Pesquisas têm evidenciado que adultos com apego seguro tendem a sentir-se menos ameaçados em discussões com o parceiro, apresentam menor incidência de conflitos e maior uso de negociação, quando comparados a adultos com apego inseguro (Salvatore et al., 2011; Pistole & Arricale, 2003; Scheeren et al., 2015). Montoro (2004) constatou que adultos com apego seguro tendem a ter mais equilíbrio entre proximidade e autonomia nas relações conjugais, maior facilidade e desejo de intimidade, pouca preocupação com o abandono, relações mais duradouras, boa impressão do outro e boa autoestima. Por outro lado, adultos com padrão de apego inseguro evitativo apresentam medo e desconforto com a intimidade, dão pouca atenção às experiências e necessidades do parceiro, além de expressarem necessidade de manter distância, mostrando-se mais inclinados a usar estilos negativos na resolução de conflitos (Bogda & Sendil, 2012; Fisher & Crandell, 2001). Já os adultos com apego inseguro ansioso-ambivalente, tendem a ter preocupação com a falta de proximidade, medo de rejeição e desejo constante de união. A intimidade tende a prevalecer sobre a autonomia, havendo ciúme extremo e submissão para ser aceito. Eles apresentam comumente autoconceito negativo e tendem a reagir com emoções exageradas em situação de ameaça, devido ao medo de perder o parceiro (Wang, King & Debernardi, 2012), expressando e experimentando sentimentos intensos de mágoa durante os conflitos (Overall, Girme, Lemay & Hammond, 2014).

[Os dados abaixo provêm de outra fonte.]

lemma lift_linear: "lin_on sp sq P lift"
  unfolding lin_on_def
proof (intro conjI ballI allI)
  fix u v assume u: "u \<in> P" and v: "v \<in> P"
  show "lift (u + v) = lift u + lift v"
  proof (rule B.eq_if_components_eq[OF lift_in_Q[OF A.P_add[OF u v]] B.P_add[OF lift_in_Q[OF u]
      lift_in_Q[OF v]]])
    fix y assume y: "y \<in> Ob E"
    have "cact E sq \<pi>' (e_fun E y) (lift (u + v))
        = \<eta> y (cact E sp \<pi> (e_fun E y) u + cact E sp \<pi> (e_fun E y) v)"
      using cact_e_lift[OF y A.P_add[OF u v]] A.cact_add_right[OF clinear_e_fun u v] by simp
    also have "\<dots> = \<eta> y (cact E sp \<pi> (e_fun E y) u) + \<eta> y (cact E sp \<pi> (e_fun E y) v)"
      by (rule lin_on_add[OF eta_linear[OF y] cact_e_in_Theta[OF u] cact_e_in_Theta[OF v]])
    also have "\<dots> = cact E sq \<pi>' (e_fun E y) (lift u + lift v)"
      using B.cact_add_right[OF clinear_e_fun lift_in_Q[OF u] lift_in_Q[OF v]] cact_e_lift[OF y u]
        cact_e_lift[OF y v] by simp
    finally show "cact E sq \<pi>' (e_fun E y) (lift (u + v)) = cact E sq \<pi>' (e_fun E y) (lift u + lift v)" .
  qed
next
  fix a u assume u: "u \<in> P"
  show "lift (sp a u) = sq a (lift u)"
  proof (rule B.eq_if_components_eq[OF lift_in_Q[OF A.P_scale[OF u]] B.P_scale[OF lift_in_Q[OF u]]])
    fix y assume y: "y \<in> Ob E"
    have "cact E sq \<pi>' (e_fun E y) (lift (sp a u)) = \<eta> y (sp a (cact E sp \<pi> (e_fun E y) u))"
      using cact_e_lift[OF y A.P_scale[OF u]] A.cact_scale_right[OF clinear_e_fun u] by simp
    also have "\<dots> = sq a (\<eta> y (cact E sp \<pi> (e_fun E y) u))"
      by (rule lin_on_scale[OF eta_linear[OF y] cact_e_in_Theta[OF u]])
    also have "\<dots> = cact E sq \<pi>' (e_fun E y) (sq a (lift u))"
      using B.cact_scale_right[OF clinear_e_fun lift_in_Q[OF u]] cact_e_lift[OF y u] by simp
    finally show "cact E sq \<pi>' (e_fun E y) (lift (sp a u)) = cact E sq \<pi>' (e_fun E y) (sq a (lift u))" .
  qed
qed

lemma lift_comp_in_HomC:
  assumes F: "F \<in> HomC E sp P" shows "extC E (lift \<circ> F) \<in> HomC E sq Q"
proof (rule B.HomC_I)
  have Fl: "lin_on cscale sp (CE E) F" and FP: "\<And>c. c \<in> CE E \<Longrightarrow> F c \<in> P"
    using A.HomC_D[OF F] by blast+
  show "lin_on cscale sq (CE E) (extC E (lift \<circ> F))"
    unfolding lin_on_def extC_def
    using A.CE_add A.CE_scale lin_on_add[OF Fl] lin_on_scale[OF Fl] lin_on_add[OF lift_linear]
      lin_on_scale[OF lift_linear] FP
    by simp
qed (auto simp: extC_def intro: lift_in_Q A.HomC_D(2)[OF F])

lemma eta_cact_ev:
  assumes a: "a \<in> Ob E" and y: "y \<in> Ob E" and f: "f \<in> Hom E a y" and p: "p \<in> P"
  shows "\<eta> y (cact E sp \<pi> (ev_fun a y f) p) = cact E sq \<pi>' (ev_fun a y f) (lift p)"
proof -
  have "\<eta> y (cact E sp \<pi> (ev_fun a y f) p) = \<eta> y (Theta_act E sp \<pi> a y f (cact E sp \<pi> (e_fun E a) p))"
    unfolding Theta_act_def using A.cact_ev_e[OF a y f p] by simp
  also have "\<dots> = Theta_act E sq \<pi>' a y f (\<eta> a (cact E sp \<pi> (e_fun E a) p))"
    by (rule eta_act[OF a y f cact_e_in_Theta[OF p]])
  also have "\<dots> = cact E sq \<pi>' (ev_fun a y f) (lift p)"
    unfolding Theta_act_def cact_e_lift[OF a p, symmetric] by (rule B.cact_ev_e[OF a y f lift_in_Q[OF p]])
  finally show ?thesis .
qed

lemma lift_pi:
  assumes F: "F \<in> HomC E sp P"
  shows "lift (\<pi> F) = \<pi>' (extC E (lift \<circ> F))"
proof (rule B.eq_if_components_eq[OF lift_in_Q[OF A.pi_in_P[OF F]] B.pi_in_P[OF lift_comp_in_HomC[OF F]]])
  fix y assume y: "y \<in> Ob E"
  let ?T = "lower_objs E y" and ?F = "\<lambda>a \<beta>. F (cinj a y (hdual E a y \<beta>))"
  have T: "finite ?T" "?T \<subseteq> Ob E" "?T \<subseteq> ?T"
    using A.finite_lower_objs[OF y] by (auto simp: lower_objs_def)
  have FP: "?F a \<beta> \<in> P" if "a \<in> ?T" for a \<beta>
    using A.HomC_D(2)[OF F A.cinj_hdual_in_CE] that T(2) y by blast
  have inM: "cact E sp \<pi> (ev_fun a y \<beta>) (?F a \<beta>) \<in> Theta_obj E sp P \<pi> y"
    if "a \<in> ?T" "\<beta> \<in> hbasis E a y" for a \<beta>
    using A.cact_ev_in_Theta[OF _ y A.hbasis_in_Hom FP] that T(2) y by blast
  have "cact E sq \<pi>' (e_fun E y) (lift (\<pi> F))
      = \<eta> y (\<Sum>a\<in>?T. \<Sum>\<beta>\<in>hbasis E a y. cact E sp \<pi> (ev_fun a y \<beta>) (?F a \<beta>))"
    using cact_e_lift[OF y A.pi_in_P[OF F]] A.cact_e_pi[OF y F T] by simp
  also have "\<dots> = (\<Sum>a\<in>?T. \<Sum>\<beta>\<in>hbasis E a y. \<eta> y (cact E sp \<pi> (ev_fun a y \<beta>) (?F a \<beta>)))"
    using inM by (simp add: eta_sum[OF y] A.V.subspace_sum[OF A.Theta_obj_subspace])
  also have "\<dots> = (\<Sum>a\<in>?T. \<Sum>\<beta>\<in>hbasis E a y. cact E sq \<pi>' (ev_fun a y \<beta>) (extC E (lift \<circ> F) (cinj a y
      (hdual E a y \<beta>))))"
    using T(2) y FP eta_cact_ev A.hbasis_in_Hom A.cinj_hdual_in_CE
    by (intro sum.cong refl) (auto simp: extC_def)
  also have "\<dots> = cact E sq \<pi>' (e_fun E y) (\<pi>' (extC E (lift \<circ> F)))"
    by (rule B.cact_e_pi[OF y lift_comp_in_HomC[OF F] T, symmetric])
  finally show "cact E sq \<pi>' (e_fun E y) (lift (\<pi> F)) = cact E sq \<pi>' (e_fun E y) (\<pi>' (extC E (lift \<circ> F)))" .
qed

Apesar destas constatações, Hazan & Shaver (1987) indicaram que os indivíduos se utilizam dos modelos representacionais de si, mas também dos outros, para orientar suas relações amorosas, buscando explicar as diferenças individuais emocionais, comportamentais, cognitivas e de expectativas sobre tais relações. Collins & Read (1990) estudaram os espaços compartilhados e individuais existentes entre os membros do casal (capacidade de compartilhar, habilidade individual e conjunta de desejar, disposição da necessidade de dependência entre os membros do casal, intensidade ou ausência da procura pelo reconhecimento do outro e características do apego que o casal cria conjuntamente) e constataram que o apego desenvolvido entre o casal pode funcionar como uma base segura, mesmo que os padrões de apego primário sejam inseguros, implicando em maior satisfação conjugal.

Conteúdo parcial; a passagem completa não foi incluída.